Электронная библиотека книг » Йорг Кастнер » В тени Нотр-Дама » Текст книги (страница 32)
В тени Нотр-Дама
  • Текст добавлен: 10 сентября 2016, 00:30

Текст книги "В тени Нотр-Дама"


Автор книги: Йорг Кастнер



сообщить о нарушении

Текущая страница: 32 (всего у книги 36 страниц)

Я затряс головой:

– Он был точно такой же, как и у меня на левой ягодице.

– Это не может быть совпадение, нет! – он тяжело вздохнул, красная пена выступила у него на губах. – Возможно, ваша мать и не знала, но невидимая сила управляла ею, когда она оставила своего ребенка, вашего брата, именно у Нотр-Дама.

– Сила солнечного камня? Вийон устало кивнул:

– Все исходит из одного источника, и все снова сходится воедино.

– Или нет, – пробормотал я. – Я едва верю, что мы снова увидим Квазимодо.

– Судьба дала вам брата, чтобы снова забрать его у вас. Я же полностью лишен второго сына.

– Я сейчас расплачусь, – заворчал я. – Мы должны найти Квазимодо!

Вийон наморщил лоб, складки над бесчисленными шрамами нависли, и спросил:

– Зачем?

– Зачем? – я едва мог его понять. – Мы должны найти его, показать ему, что у него есть отец и брат, дать ему то, чего так долго он был лишен.

– Дуб, который уже вырос, вы не сумеете согнуть.

– Квазимодо – человек!

– Который сам выбрал свою судьбу, когда он покинул Нотр-Дам.

Мое непонимание переросло в праведный гнев, и я закричал:

– Вам безразлично, что случилось с вашим сыном?

– У нас нет времени, чтобы заботиться о Квазимодо. Чего стоит один человек, когда в опасности все человечество?

– Возможно, дела человечества пошли бы гораздо лучше, если бы оно больше обращало внимания на отдельного человека, – фыркнул я, вновь увидев в воображении Квазимодо, печально сидящего на башенной галерее Нотр-Дама.

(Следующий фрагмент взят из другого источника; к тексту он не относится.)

lemma no_mdist_clustered_coloring_le_dim:
  assumes "N \<le> n"
  shows "\<not> mdist_clustered_coloring (Zn n) (Ginf_adj n) m N K f"
proof
  assume col: "mdist_clustered_coloring (Zn n) (Ginf_adj n) m N K f"
  let ?lab = "kuhn_label f n K"
  have "\<forall>x j. (\<forall>j. x j \<le> Suc K) \<and> j < n \<and> x j = 0 \<longrightarrow> ?lab x j = 0"
  proof (intro allI impI)
    fix x j assume x: "(\<forall>j. x j \<le> Suc K) \<and> j < n \<and> x j = 0"
    then have "lattice_point n x j = 0" by (simp add: lattice_point_def)
    with x show "?lab x j = 0"
      using not_reaches_level_from_zero[OF col, of j "lattice_point n x"] lattice_point_Zn
      unfolding kuhn_label_def by auto
  qed
  moreover have "\<forall>x j. (\<forall>j. x j \<le> Suc K) \<and> j < n \<and> x j = Suc K \<longrightarrow> ?lab x j = 1"
    by (simp add: kuhn_label_def)
  ultimately have "odd (card {s. ksimplex (Suc K) n s \<and> (reduced n \<circ> ?lab) ` s = {..n}})"
    by (rule kuhn_combinatorial[OF zero_less_Suc])
  then have "{s. ksimplex (Suc K) n s \<and> (reduced n \<circ> ?lab) ` s = {..n}} \<noteq> {}"
    by (rule odd_card_imp_not_empty)
  then obtain s where "ksimplex (Suc K) n s" and s_labels: "(reduced n \<circ> ?lab) ` s = {..n}"
    by blast
  then obtain b u where simplex: "kuhn_simplex (Suc K) n b u s"
    by (auto elim: ksimplex.cases)
  have "n \<in> (reduced n \<circ> ?lab) ` s" using s_labels by simp
  then obtain v where v: "v \<in> s" "reduced n (?lab v) = n" by auto
  define c where "c = f (lattice_point n v) - 1"
  have "f (lattice_point n v) \<in> {1..N}"
    using col lattice_point_Zn by (rule mdist_clustered_coloring_range)
  then have c: "f (lattice_point n v) = Suc c" "c < n" using assms unfolding c_def by auto
  have "c \<in> (reduced n \<circ> ?lab) ` s" using s_labels c(2) by simp
  then obtain w where w: "w \<in> s" "reduced n (?lab w) = c" by auto
  have "?lab v c = 0" using reduced_labelling(2)[of n "?lab v"] v(2) c(2) by simp
  then have no_reach: "\<not> reaches_level f n c (int K) (lattice_point n v)"
    using c(1) unfolding kuhn_label_def by (auto split: if_splits)
  have "?lab w c \<noteq> 0" using reduced_labelling(3)[of n "?lab w"] w(2) c(2) by simp
  then consider "w c = Suc K"
    | "f (lattice_point n w) = Suc c" "reaches_level f n c (int K) (lattice_point n w)"
    unfolding kuhn_label_def by (auto split: if_splits)
  then have "reaches_level f n c (int K) (lattice_point n v)"
  proof cases
    case 1
    then have "int K \<le> lattice_point n v c"
      using kuhn_simplex.base_le[OF simplex v(1), of c]
        kuhn_simplex.le_Suc_base[OF simplex w(1), of c] c(2)
      by (simp add: lattice_point_def)
    then show ?thesis unfolding reaches_level_def by blast
  next
    case 2
    have "v \<noteq> w" using v(2) w(2) c(2) by auto
    then have "Ginf_adj n (lattice_point n v) (lattice_point n w)"
      using kuhn_simplex_Ginf_adj[OF simplex v(1) w(1)] by blast
    then have "induced_edge (Ginf_adj n) {x \<in> Zn n. f x = Suc c} (lattice_point n v) (lattice_point n w)"
      using c(1) 2(1) lattice_point_Zn unfolding induced_edge_def by blast
    moreover obtain y where
      "(induced_edge (Ginf_adj n) {x \<in> Zn n. f x = Suc c})\<^sup>*\<^sup>* (lattice_point n w) y" "int K \<le> y c"
      using 2(2) unfolding reaches_level_def by blast
    ultimately show ?thesis
      unfolding reaches_level_def by (meson converse_rtranclp_into_rtranclp)
  qed
  with no_reach show False ..
qed

theorem proposition3p4:
  fixes n m :: nat
  assumes "n \<ge> 1" and "m \<ge> 1"
  shows "chi_star (Zn n) (Ginf_adj n) m = enat (n + 1) \<and>
         K_hat (Zn n) (Ginf_adj n) m \<le> fact n * m ^ n"
proof -
  have col: "mdist_clustered_coloring (Zn n) (Ginf_adj n) m (n + 1) (fact n * m ^ n)
      (cluster_colouring m n)"
    using assms(2) by (rule mdist_clustered_coloring_cluster_colouring)
  have "(LEAST N. \<exists>K f. mdist_clustered_coloring (Zn n) (Ginf_adj n) m N K f) = n + 1"
  proof (rule Least_equality)
    show "\<exists>K f. mdist_clustered_coloring (Zn n) (Ginf_adj n) m (n + 1) K f" using col by blast
  next
    fix N assume "\<exists>K f. mdist_clustered_coloring (Zn n) (Ginf_adj n) m N K f"
    then show "n + 1 \<le> N" using no_mdist_clustered_coloring_le_dim[of N n m] by force
  qed
  then have chi: "chi_star (Zn n) (Ginf_adj n) m = enat (n + 1)"
    unfolding chi_star_def using col by auto
  have "K_hat (Zn n) (Ginf_adj n) m \<le> fact n * m ^ n"
    unfolding K_hat_def chi using col by (auto intro: Least_le)
  with chi show ?thesis by simp
qed

end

И Зиту, безжизненно висевшую на виселице. – Когда страдает один единственный, не могут быть счастливы все остальные! – возразил я так решительно. Я стоял перед ним и замахнулся на него, не зная, хотел ли я его встряхнуть, вылить на него свой гнев или молить о понимании к его уродливому сыну.

Он схватил обеими рукам мою правую руку и прижал ее. Его руки были холодными и костлявыми, как у смерти.

– Я понимаю ваше волнение, Арман. Вы должны успокоиться, потом вы осознаете, насколько я был прав.

Но я не хотел ничего осознавать. Поэтому я разыскал большое помещение, в котором переодевался, когда впервые побывал в убежище катаров. В подземной таверне я добавил к уже выпитой сивухе второй кувшин дешевого красного вина, которое затуманило мне голову. Но моя ярость на Вийона не ослабла. Слова людей вокруг меня размылись, как и контуры помещения, но картина несчастливого горбуна ярко стояла передо мной.

Я не понимал решение моего – нашего – отца, считал его жестокосердным. Еще пять дней до ярмарки в Сен-Жермен, вполне достаточно времени, чтобы найти Квазимодо! Действительно ли нужен Вийону каждый человек? Или ему был безразличен горбатый сын, ничем не полезный? Да, должно быть так, внушал я себе. Не был ли я сам безразличен отцу, пока он не мог использовать меня в своих планах? Или – злоупотребить?..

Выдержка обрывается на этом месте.